10. The hydrogen production method according to claim 9, wherein 7 volume percent or less of the recirculation stream is purged.
11. The hydrogen production method according to claim 10, wherein 0.1 to 5 volume percent of the recirculation stream is purged.
12. The hydrogen production method according to claim 10, wherein 2 volume percent of the recirculation stream is purged.
13. A method for producing hydrogen according to any one of claims 1 to 12, Before separating the hydrogen, the gas stream enriched with hydrogen and carbon dioxide is used to remove CO 2 When removing the hydrocarbon feed, the composition of the recirculation stream before mixing with the hydrocarbon feed is CH 4 : 14.5–15.5% by volume CO 2 : 0.5 to 1.0 volume% N 2 : 34.5 to 35.5% by volume CO: 15.5–16.5% by volume H 2 : 31.5–32.5% by volume H 2 O: 1.0 to 1.5 volume percent. Methods for producing hydrogen.
14. A method for producing hydrogen according to any one of claims 1 to 12, Before mixing with the hydrocarbon feed, CO from the compressed recirculation stream 2 When removing the hydrocarbon feed, the composition of the recirculation stream before mixing with the hydrocarbon feed is CH 4 : 11.5–12.5% by volume CO 2 : 13.0–14.0% by volume N 2 : 29.0–30.5% by volume CO: 16.0–17.0% by volume H 2 : 26.5–27.5% by volume H 2 O: 1.0 to 1.5 volume percent.
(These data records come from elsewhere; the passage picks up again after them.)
lemma isomorphic_trans: "isomorphic ar A B \<Longrightarrow> isomorphic ar B C \<Longrightarrow> isomorphic ar A C"
  unfolding isomorphic_def by (metis is_embedding_comp image_comp)

lemma isomorphic_sym: "isomorphic ar A B \<Longrightarrow> isomorphic ar B A"
  unfolding isomorphic_def
  by (metis is_embedding_the_inv_into is_embedding_inj_on the_inv_into_onto)

definition some_iso :: "('l \<Rightarrow> nat) \<Rightarrow> ('l, 'a) str \<Rightarrow> ('l, 'b) str \<Rightarrow> 'a \<Rightarrow> 'b" where
  "some_iso ar A B = (SOME f. is_embedding ar f A B \<and> f ` fst A = fst B)"

lemma some_iso:
  assumes "isomorphic ar A B"
  shows "is_embedding ar (some_iso ar A B) A B \<and> some_iso ar A B ` fst A = fst B"
  using assms unfolding isomorphic_def some_iso_def by (rule someI_ex)

lemma is_embedding_induced_intro:
  assumes "inj_on f P" "f ` P \<subseteq> Q"
    and "\<And>R t. length t = ar R \<Longrightarrow> set t \<subseteq> P \<Longrightarrow> t \<in> snd F R \<longleftrightarrow> map f t \<in> snd G R"
  shows "is_embedding ar f (induced F P) (induced G Q)"
  unfolding is_embedding_def
proof (intro conjI allI impI)
  show "inj_on f (fst (induced F P))" "f ` fst (induced F P) \<subseteq> fst (induced G Q)"
    using assms(1,2) by simp_all
  fix R t assume t: "length t = ar R \<and> set t \<subseteq> fst (induced F P)"
  then have "set (map f t) \<subseteq> Q" using assms(2) by auto
  then show "t \<in> snd (induced F P) R \<longleftrightarrow> map f t \<in> snd (induced G Q) R"
    using t assms(3)[of t R] by (simp add: snd_induced)
qed

lemma is_embedding_restrict:
  assumes f: "is_embedding ar f A B" and S: "S \<subseteq> fst A"
  shows "is_embedding ar f (induced A S) (induced B (f ` S))"
  using S is_embedding_inj_on[OF f] is_embedding_rel[OF f]
  by (intro is_embedding_induced_intro) (auto intro: inj_on_subset)

lemma isomorphic_image:
  assumes f: "is_embedding ar f A B"
  shows "isomorphic ar A (induced B (f ` fst A))"
proof -
  have "is_embedding ar f A (induced B (f ` fst A))"
    using f unfolding is_embedding_def by (auto simp: snd_induced)
  then show ?thesis unfolding isomorphic_def by auto
qed

lemma induced_embedding_rel:
  assumes f: "is_embedding ar f (induced F P) (induced F Q)"
    and t: "length t = ar R" "set t \<subseteq> P"
  shows "t \<in> snd F R \<longleftrightarrow> map f t \<in> snd F R"
proof -
  have "set (map f t) \<subseteq> Q" using f t(2) unfolding is_embedding_def by auto
  then show ?thesis using is_embedding_rel[OF f t(1)] t(2) by (simp add: snd_induced)
qed

lemma age_representative:
  assumes F: "wf_str ar F" and S: "finite S" "S \<subseteq> fst F"
  shows "\<exists>D \<in> age ar F. isomorphic ar D (induced F S)"
proof -
  obtain g where g: "bij_betw g {..<card S} S"
    using ex_bij_betw_nat_finite S(1) atLeast0LessThan by metis
  define D where "D = ({..<card S},
    \<lambda>R. {t. length t = ar R \<and> set t \<subseteq> {..<card S} \<and> map g t \<in> snd F R})"
  have ginj: "inj_on g {..<card S}" and gim: "g ` {..<card S} = S"
    using g unfolding bij_betw_def by auto
  have emb: "is_embedding ar g D (induced F S)"
    unfolding is_embedding_def D_def using ginj gim by (auto simp: snd_induced)
  have "is_embedding ar g D F"
    using emb S(2) unfolding is_embedding_def induced_def by (auto simp: image_subset_iff subset_iff)
  then have "D \<in> age ar F" unfolding age_def wf_str_def D_def by auto
  moreover have "isomorphic ar D (induced F S)"
    using emb gim unfolding isomorphic_def D_def by auto
  ultimately show ?thesis by blast
qed

lemma age_isomorphic_induced:
  assumes "A \<in> age ar F"
  obtains S where "S \<subseteq> fst F" "finite S" "isomorphic ar A (induced F S)"
proof -
  obtain f where f: "is_embedding ar f A F" and fin: "finite (fst A)"
    using assms unfolding age_def by blast
  have "f ` fst A \<subseteq> fst F" using f unfolding is_embedding_def by simp
  then show ?thesis using that fin isomorphic_image[OF f] by blast
qed

lemma copies_induced:
  "W \<subseteq> fst C \<Longrightarrow> copies ar (induced C W) A = {S. S \<subseteq> W \<and> isomorphic ar A (induced C S)}"
  unfolding copies_def by (auto simp: induced_induced)

lemma copies_isomorphic_cong: "isomorphic ar A A' \<Longrightarrow> copies ar C A = copies ar C A'"
  unfolding copies_def by (metis isomorphic_trans isomorphic_sym)

lemma image_in_copies:
  assumes h: "is_embedding ar h C0 C1" and S: "S \<in> copies ar C0 X"
  shows "h ` S \<in> copies ar C1 X"
proof -
  have S0: "S \<subseteq> fst C0" "isomorphic ar X (induced C0 S)" using S unfolding copies_def by auto
  have "isomorphic ar (induced C0 S) (induced C1 (h ` S))"
    using is_embedding_restrict[OF h S0(1)] unfolding isomorphic_def by auto
  moreover have "h ` S \<subseteq> fst C1" using h S0(1) unfolding is_embedding_def by auto
  ultimately show ?thesis using S0(2) isomorphic_trans unfolding copies_def by blast
qed

lemma arrowsE:
  assumes "arrows ar C B A k" "\<forall>S\<in>copies ar C A. c S < k"
  obtains B' i where "B' \<in> copies ar C B" "\<forall>S\<in>copies ar (induced C B') A. c S = i"
  using assms unfolding arrows_def by blast

lemma arrows_isomorphic:
  assumes iso: "isomorphic ar C0 C1" and arr: "arrows ar C0 B A k"
  shows "arrows ar C1 B A k"
  unfolding arrows_def
proof (intro allI impI)
  obtain h where h: "is_embedding ar h C0 C1" "h ` fst C0 = fst C1"
    using iso unfolding isomorphic_def by blast
  fix c1 :: "'c set \<Rightarrow> nat"
  assume col: "\<forall>S\<in>copies ar C1 A. c1 S < k"
  define c0 where "c0 S = c1 (h ` S)" for S
  have "\<forall>S\<in>copies ar C0 A. c0 S < k" using col image_in_copies[OF h(1)] unfolding c0_def by blast
  then obtain B0 i where B0: "B0 \<in> copies ar C0 B"
    and hom: "\<forall>S\<in>copies ar (induced C0 B0) A. c0 S = i"
    by (rule arrowsE[OF arr])
  have B0sub: "B0 \<subseteq> fst C0" using B0 unfolding copies_def by auto
  have hB0: "h ` B0 \<subseteq> fst C1" using B0sub h(2) by auto
  show "\<exists>B'\<in>copies ar C1 B. \<exists>i. \<forall>S\<in>copies ar (induced C1 B') A. c1 S = i"
  proof (intro bexI exI ballI)
    show "h ` B0 \<in> copies ar C1 B" using image_in_copies[OF h(1) B0] .
    fix S1 assume "S1 \<in> copies ar (induced C1 (h ` B0)) A"
    then have S1: "S1 \<subseteq> h ` B0" "isomorphic ar A (induced C1 S1)"
      unfolding copies_induced[OF hB0] by auto
    define S where "S = {x \<in> B0. h x \<in> S1}"
    have hS: "h ` S = S1" using S1(1) unfolding S_def by auto
    have SB0: "S \<subseteq> B0" unfolding S_def by auto
    have "is_embedding ar h (induced C0 S) (induced C1 (h ` S))"
      using is_embedding_restrict[OF h(1)] SB0 B0sub by blast
    then have "isomorphic ar (induced C0 S) (induced C1 S1)" unfolding isomorphic_def using hS by auto
    then have "isomorphic ar A (induced C0 S)" using S1(2) isomorphic_trans isomorphic_sym by blast
    then have "S \<in> copies ar (induced C0 B0) A" unfolding copies_induced[OF B0sub] using SB0 by blast
    then show "c1 S1 = i" using hom hS unfolding c0_def by blast
  qed
qed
Methods for producing hydrogen.
15. The hydrogen production method according to claim 14, wherein the composition of the recirculation stream before mixing with the hydrocarbon feed is as follows: CH4 12.04 vol%, CO2 13.64 vol%, N2 29.56 vol%, CO 16.54 vol%, H2 27.06 vol%, H2O 1.15 vol%.
16. A method for producing hydrogen according to any one of claims 1 to 12, Before separating the hydrogen, the gas stream enriched with hydrogen and carbon dioxide is used to remove CO 2 Remove CO from the compressed recirculation stream before mixing it with the hydrocarbon feed. 2 When removing the hydrocarbon feed, the composition of the recirculation stream before mixing with the hydrocarbon feed is CH 4 : 12.0–13.0% by volume CO 2 : 0.5 to 1.5% by volume N 2 : 31.0–32.0% by volume CO: 14.5–15.0% by volume H 2 : 38.5–39.5% by volume H 2 O: 1.0–1.5% by volume That is, Methods for producing hydrogen.
17. A plant for producing hydrogen starting from hydrocarbon feed, Electrically driven steam reforming unit, A water-gas shift reactor downstream of the aforementioned electrically driven steam reforming apparatus, A pressure swing adsorption unit downstream of the aforementioned water-gas shift reactor, A hydrogen product streamline and an off-gas streamline downstream of the pressure swing adsorption unit, A recirculation streamline connecting the off-gas streamline to the hydrocarbon feed, Recirculation stream compressor and At least one CO2 located downstream of the electrically driven steam reformer 2 Collection system and Splitting of purge gas separated from the recirculation streamline, A hydrogen production plant equipped with [the necessary components].